* [TASK GOAL] Here are the records. Write out exactly the lines between the one holding "g = transpose" and the one holding "using assms by (metis", inclusive.

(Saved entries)

:::::

lemma braid_perm_conj:
  assumes "\<gamma> \<in> carrier (braid_group n)" "X \<in> carrier (braid_group n)"
  shows "braid_perm (\<gamma> \<otimes>\<^bsub>braid_group n\<^esub> X \<otimes>\<^bsub>braid_group n\<^esub> inv\<^bsub>braid_group n\<^esub> \<gamma>) =
           braid_perm \<gamma> \<circ> braid_perm X \<circ> braid_perm (inv\<^bsub>braid_group n\<^esub> \<gamma>)"
proof -
  interpret group "braid_group n" by (rule group_braid_group)
  have "\<gamma> \<otimes>\<^bsub>braid_group n\<^esub> X \<in> carrier (braid_group n)" "inv\<^bsub>braid_group n\<^esub> \<gamma> \<in> carrier (braid_group n)"
    by (rule m_closed[OF assms], rule inv_closed[OF assms(1)])
  then show ?thesis
    using assms by (simp only: braid_perm_mult)
qed

lemma comp_transpose_comp_inverse:
  fixes f g :: "'a \<Rightarrow> 'a"
  assumes "f \<circ> g = id" "g \<circ> f = id"
  shows "f \<circ> transpose a b \<circ> g = transpose (f a) (f b)"
proof
  fix x
  have "f (g y) = y" and "g (f y) = y" for y
    using assms by (metis comp_apply id_apply)+
  then show "(f \<circ> transpose a b \<circ> g) x = transpose (f a) (f b) x"
    unfolding transpose_def by auto
qed

lemma braid_perm_conj_transpose:
  assumes "\<gamma> \<in> carrier (braid_group n)" "X \<in> carrier (braid_group n)" "braid_perm X = transpose a b"
  shows "braid_perm (\<gamma> \<otimes>\<^bsub>braid_group n\<^esub> X \<otimes>\<^bsub>braid_group n\<^esub> inv\<^bsub>braid_group n\<^esub> \<gamma>) =
           transpose (braid_perm \<gamma> a) (braid_perm \<gamma> b)"
  unfolding braid_perm_conj[OF assms(1,2)] assms(3)
  by (rule comp_transpose_comp_inverse[OF braid_perm_inv[OF assms(1)]])

lemma braid_perm_conj_id:
  assumes "\<gamma> \<in> carrier (braid_group n)" "X \<in> carrier (braid_group n)" "braid_perm X = id"
  shows "braid_perm (\<gamma> \<otimes>\<^bsub>braid_group n\<^esub> X \<otimes>\<^bsub>braid_group n\<^esub> inv\<^bsub>braid_group n\<^esub> \<gamma>) = id"
  unfolding braid_perm_conj[OF assms(1,2)] assms(3)
  using braid_perm_inv(1)[OF assms(1)] by simp

lemma mem_generate_of_braid_perm_eq:
  assumes "\<beta> \<in> carrier (braid_group n)" "X \<in> carrier (braid_group n)" "braid_perm X = braid_perm \<beta>"
  shows "X \<in> generate (braid_group n) (pure_braids n \<union> {\<beta>})"
proof -
  let ?B = "braid_group n"
  interpret group ?B by (rule group_braid_group)
  have "inv\<^bsub>?B\<^esub> \<beta> \<otimes>\<^bsub>?B\<^esub> X \<in> pure_braids n"
    using assms braid_perm_inv(2)[of \<beta>] by (simp add: pure_braids_def braid_perm_mult)
  moreover have "X = \<beta> \<otimes>\<^bsub>?B\<^esub> (inv\<^bsub>?B\<^esub> \<beta> \<otimes>\<^bsub>?B\<^esub> X)"
    using assms by (simp add: m_assoc[symmetric])
  ultimately show ?thesis
    by (metis Un_iff generate.eng generate.incl singletonI)
qed

lemma (in monoid) bi_orderable_commute_of_square_commute:
  assumes "bi_orderable G" and x: "x \<in> carrier G" and y: "y \<in> carrier G"
    and sq: "x \<otimes> x \<otimes> y = y \<otimes> x \<otimes> x"
  shows "x \<otimes> y = y \<otimes> x"
proof (rule ccontr)
  assume ne: "x \<otimes> y \<noteq> y \<otimes> x"
  obtain r where irrefl: "\<forall>a\<in>carrier G. \<not> r a a"
    and trans: "\<forall>a\<in>carrier G. \<forall>b\<in>carrier G. \<forall>c\<in>carrier G. r a b \<and> r b c \<longrightarrow> r a c"
    and total: "\<forall>a\<in>carrier G. \<forall>b\<in>carrier G. a \<noteq> b \<longrightarrow> r a b \<or> r b a"
    and mult: "\<forall>a\<in>carrier G. \<forall>b\<in>carrier G. \<forall>c\<in>carrier G.
                 r a b \<longrightarrow> r (c \<otimes> a) (c \<otimes> b) \<and> r (a \<otimes> c) (b \<otimes> c)"
    using assms(1) unfolding bi_orderable_def by blast
  have xyx: "x \<otimes> (y \<otimes> x) = x \<otimes> y \<otimes> x" and xxy: "x \<otimes> (x \<otimes> y) = x \<otimes> x \<otimes> y"
    using x y by (simp_all add: m_assoc)
  have closed: "x \<otimes> x \<otimes> y \<in> carrier G" "x \<otimes> y \<otimes> x \<in> carrier G" "y \<otimes> x \<otimes> x \<in> carrier G"
    using x y by simp_all
  consider "r (x \<otimes> y) (y \<otimes> x)" | "r (y \<otimes> x) (x \<otimes> y)"
    using total ne x y by blast
  then show False
  proof cases
    case 1
    then have "r (x \<otimes> (x \<otimes> y)) (x \<otimes> (y \<otimes> x))" "r (x \<otimes> y \<otimes> x) (y \<otimes> x \<otimes> x)"
      using mult x y by blast+
    then have "r (x \<otimes> x \<otimes> y) (y \<otimes> x \<otimes> x)"
      unfolding xyx xxy using trans closed by blast
    then show False using irrefl closed by (simp add: sq)
  next
    case 2
    then have "r (x \<otimes> (y \<otimes> x)) (x \<otimes> (x \<otimes> y))" "r (y \<otimes> x \<otimes> x) (x \<otimes> y \<otimes> x)"
      using mult x y by blast+
    then have "r (y \<otimes> x \<otimes> x) (x \<otimes> x \<otimes> y)"
      unfolding xyx xxy using trans closed by blast
    then show False using irrefl closed by (simp add: sq)
  qed
qed

lemma (in group) subgroup_not_bi_orderable:
  assumes "subgroup H G" "x \<in> H" "y \<in> H"
    and "x \<otimes> x \<otimes> y = y \<otimes> x \<otimes> x" "x \<otimes> y \<noteq> y \<otimes> x"
  shows "\<not> bi_orderable (G\<lparr>carrier := H\<rparr>)"
proof
  assume "bi_orderable (G\<lparr>carrier := H\<rparr>)"
  moreover have "monoid (G\<lparr>carrier := H\<rparr>)"
    using group.is_monoid subgroup.subgroup_is_group[OF assms(1) is_group] by blast
  ultimately have "x \<otimes> y = y \<otimes> x"
    using monoid.bi_orderable_commute_of_square_commute[of "G\<lparr>carrier := H\<rparr>" x y] assms(2-4) by simp
  with assms(5) show False ..
qed

lemma (in group) conj_mult_conj:
  assumes "g \<in> carrier G" "a \<in> carrier G" "b \<in> carrier G"
  shows "(g \<otimes> a \<otimes> inv g) \<otimes> (g \<otimes> b \<otimes> inv g) = g \<otimes> (a \<otimes> b) \<otimes> inv g"
  using assms by (simp add: m_assoc) (simp add: m_assoc[symmetric])

lemma (in group) conj_eq_conj_iff:
  assumes "g \<in> carrier G" "a \<in> carrier G" "b \<in> carrier G"
  shows "g \<otimes> a \<otimes> inv g = g \<otimes> b \<otimes> inv g \<longleftrightarrow> a = b"
  using assms by simp

definition full_twist_word :: "nat \<Rightarrow> bword" where
  "full_twist_word k = [(k, True), (k + 1, True), (k, True), (k + 1, True), (k, True), (k + 1, True)]"

definition sqrt_full_twist_word :: "nat \<Rightarrow> bword" where
  "sqrt_full_twist_word k = [(k, True), (k + 1, True), (k + 1, True)]"

lemma beq_full_twist_commute:
  assumes "1 \<le> k" "k + 1 \<le> n - 1"
  shows "beq n (full_twist_word k @ [(k + 1, True)]) ((k + 1, True) # full_twist_word k)"
proof -
  let ?P = "(k, True)" and ?Q = "(k + 1, True)"
  have braid: "beq n [?P, ?Q, ?P] [?Q, ?P, ?Q]"
    using assms by (intro beq_braid) auto
  have "beq n (full_twist_word k @ [?Q]) [?P, ?Q, ?P, ?P, ?Q, ?P, ?Q]"
    using assms unfolding full_twist_word_def
    by (intro beq_in_context[OF beq_sym[OF braid], where a = "[?P, ?Q, ?P]" and c = "[?Q]"]) auto
  also have "beq n [?P, ?Q, ?P, ?P, ?Q, ?P, ?Q] (?Q # full_twist_word k)"
    using assms unfolding full_twist_word_def
    by (intro beq_in_context[OF braid, where a = "[]" and c = "[?P, ?Q, ?P, ?Q]"]) auto
  finally show ?thesis .
qed

lemma beq_sqrt_full_twist_square:
  assumes "1 \<le> k" "k + 1 \<le> n - 1"
  shows "beq n (sqrt_full_twist_word k @ sqrt_full_twist_word k) (full_twist_word k)"
proof -
  let ?P = "(k, True)" and ?Q = "(k + 1, True)"
  have braid: "beq n [?P, ?Q, ?P] [?Q, ?P, ?Q]"
    using assms by (intro beq_braid) auto
  show ?thesis
    using assms unfolding full_twist_word_def sqrt_full_twist_word_def
    by (intro beq_in_context[OF beq_sym[OF braid], where a = "[?P, ?Q]" and c = "[?Q]"]) auto
qed
lemma exists_axis_line_leaving_zero_set:
  fixes F :: "complex^'n::finite \<Rightarrow> complex"
  assumes "F y \<noteq> 0" "\<And>x. \<forall>j\<in>W. x $ j = 0 \<Longrightarrow> F x = 0"
  obtains i u where "i \<in> W" "norm u \<le> norm y" "\<forall>j. j \<notin> W \<longrightarrow> u $ j = y $ j"
    "F u = 0" "F (u + y $ i *s axis i 1) \<noteq> 0"
proof -
  define zero_on where "zero_on S = (\<chi> j. if j \<in> S then 0 else y $ j)" for S
  have "F (zero_on {}) \<noteq> 0" "\<not> F (zero_on W) \<noteq> 0"
    using assms by (simp_all add: zero_on_def vec_eq_iff)
  then obtain S i where "S \<subseteq> W" "i \<in> W - S" "F (zero_on S) \<noteq> 0" "F (zero_on (insert i S)) = 0"
    using finite_subset_chain_step[of W "\<lambda>S. F (zero_on S) \<noteq> 0"] by auto
  moreover have "norm (zero_on (insert i S)) \<le> norm y"
    by (rule norm_le_componentwise_cart) (simp add: zero_on_def)
  moreover have "zero_on (insert i S) + y $ i *s axis i 1 = zero_on S"
    using \<open>i \<in> W - S\<close> by (auto simp: vec_eq_iff zero_on_def axis_def)
  ultimately show thesis
    by (intro that[of i "zero_on (insert i S)"]) (auto simp: zero_on_def)
qed
(* Let $N$ be an orchard network on $X\subseteq[n]$ and let $S=s_1\cdots s_k$ ($k\ge1$) be a sequence of pairs of elements of $[n]$. Then $S$ is reducible in $N$ if and only if $S$ is reducible in $\boldsymbol\mu(N)$. Moreover, in that case $\boldsymbol\mu(N^S)=\boldsymbol\mu(N)^S$.
   Context: A (binary) phylogenetic network on a finite set $X\subseteq[n]=\{1,\dots,n\}$ is a directed acyclic graph $N=(V,A)$ without parallel arcs in which every node is exactly one of: the root (indegree 0, outdegree 1; there is exactly one), a leaf (indegree 1, outdegree 0), a tree node (indegree 1, outdegree 2), or a reticulation (indegree 2, outdegree 1); the leaves are identified with the elements of $X$. $V_T(N)$ denotes the set of leaves and tree nodes, $V_H(N)$ the set of reticulations. $m(u,v)$ is the number of directed paths from $u$ to $v$ (trivial paths allowed). Extended $\mu$-vectors: $\mu_i(u)=m(u,i)$ for $i\in[n]$ (0 if $i\notin X$), $\mu_0(u)=\sum_{h\in V_H(N)} m(u,h)$, $\mu(u)=(\mu_0(u),\dots,\mu_n(u))$; $\boldsymbol\mu(N)$ is the multiset $\{\mu(u)\mid u\in V_T(N)\}$. $\delta_S$ is the 0/1 indicator vector of $S\subseteq\{0,\dots,n\}$ and $\delta_{j_1,\dots,j_k}=\delta_{\{j_1,\dots,j_k\}}$. Network reductions: for distinct leaves $i,j$ with parents $p_i,p_j$, $(i,j)$ is a cherry of $N$ if $p_i=p_j$, a reticulated-cherry of $N$ if $p_i$ is a reticulation, $p_j$ is a tree node and $p_j$ is a parent of $p_i$, and reducible if either. Suppressing a node with indegree 1 and outdegree 1 means deleting it and its two arcs and adding an arc from its parent to its child. $N^{(i,j)}$: if $(i,j)$ is a cherry, delete leaf $i$ and its incoming arc, then suppress $p_i$; if a reticulated-cherry, delete the arc $p_jp_i$ and suppress $p_i$ and $p_j$. A sequence $S=s_1\cdots s_k$ is reducible in $N$ if $s_1$ is reducible in $N$ and each $s_t$ is reducible in the network obtained from $N$ by successively reducing $s_1,\dots,s_{t-1}$; $N^S$ is the final network; $S$ is complete if $N^S=I_x$ (a root joined by an arc to a single leaf $x$). $N$ is orchard if it has a complete reducible sequence. Multiset reductions: for a finite multiset $\boldsymbol\mu$ of vectors of nonnegative integers indexed by $0,\dots,n$ and distinct $i,j\in[n]$: $(i,j)$ is a cherry of $\boldsymbol\mu$ if $\delta_{i,j}\in\boldsymbol\mu$ with multiplicity exactly 1 and every $\mu\in\boldsymbol\mu$ other than $\delta_i,\delta_j$ satisfies $\mu_i=\mu_j$; $(i,j)$ is a reticulated-cherry of $\boldsymbol\mu$ if $\delta_{0,i,j}\in\boldsymbol\mu$ with multiplicity exactly 1 and every $\mu\in\boldsymbol\mu$ other than $\delta_i,\delta_j$ satisfies $\mu_0\ge\mu_i\ge\mu_j$; $(i,j)$ is reducible in $\boldsymbol\mu$ if it is either. The reduction $\boldsymbol\mu^{(i,j)}$ is the multiset $\{\mu-\mu_i\delta_i \mid \mu\in\boldsymbol\mu\setminus\{\delta_i,\delta_{i,j}\}\}$ if $(i,j)$ is a cherry of $\boldsymbol\mu$, and $\{\mu-\mu_i\delta_0-\mu_j\delta_i\mid \mu\in\boldsymbol\mu\setminus\{\delta_{0,i,j}\}\}$ if it is a reticulated-cherry of $\boldsymbol\mu$ (it is used only when exactly one of these holds). A sequence $S=s_1\cdots s_k$ is reducible in $\boldsymbol\mu$ if $s_1$ is reducible in $\boldsymbol\mu$ and each $s_t$ is reducible in $(\cdots(\boldsymbol\mu^{s_1})\cdots)^{s_{t-1}}$; then $\boldsymbol\mu^S=(\cdots(\boldsymbol\mu^{s_1})\cdots)^{s_k}$. *)

theory Defs
  imports Main "HOL-Library.Multiset"
begin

:::::

* [RESPONSE BOX]
  shows "f \<circ> transpose a b \<circ> g = transpose (f a) (f b)"
proof
  fix x
  have "f (g y) = y" and "g (f y) = y" for y
    using assms by (metis comp_apply id_apply)+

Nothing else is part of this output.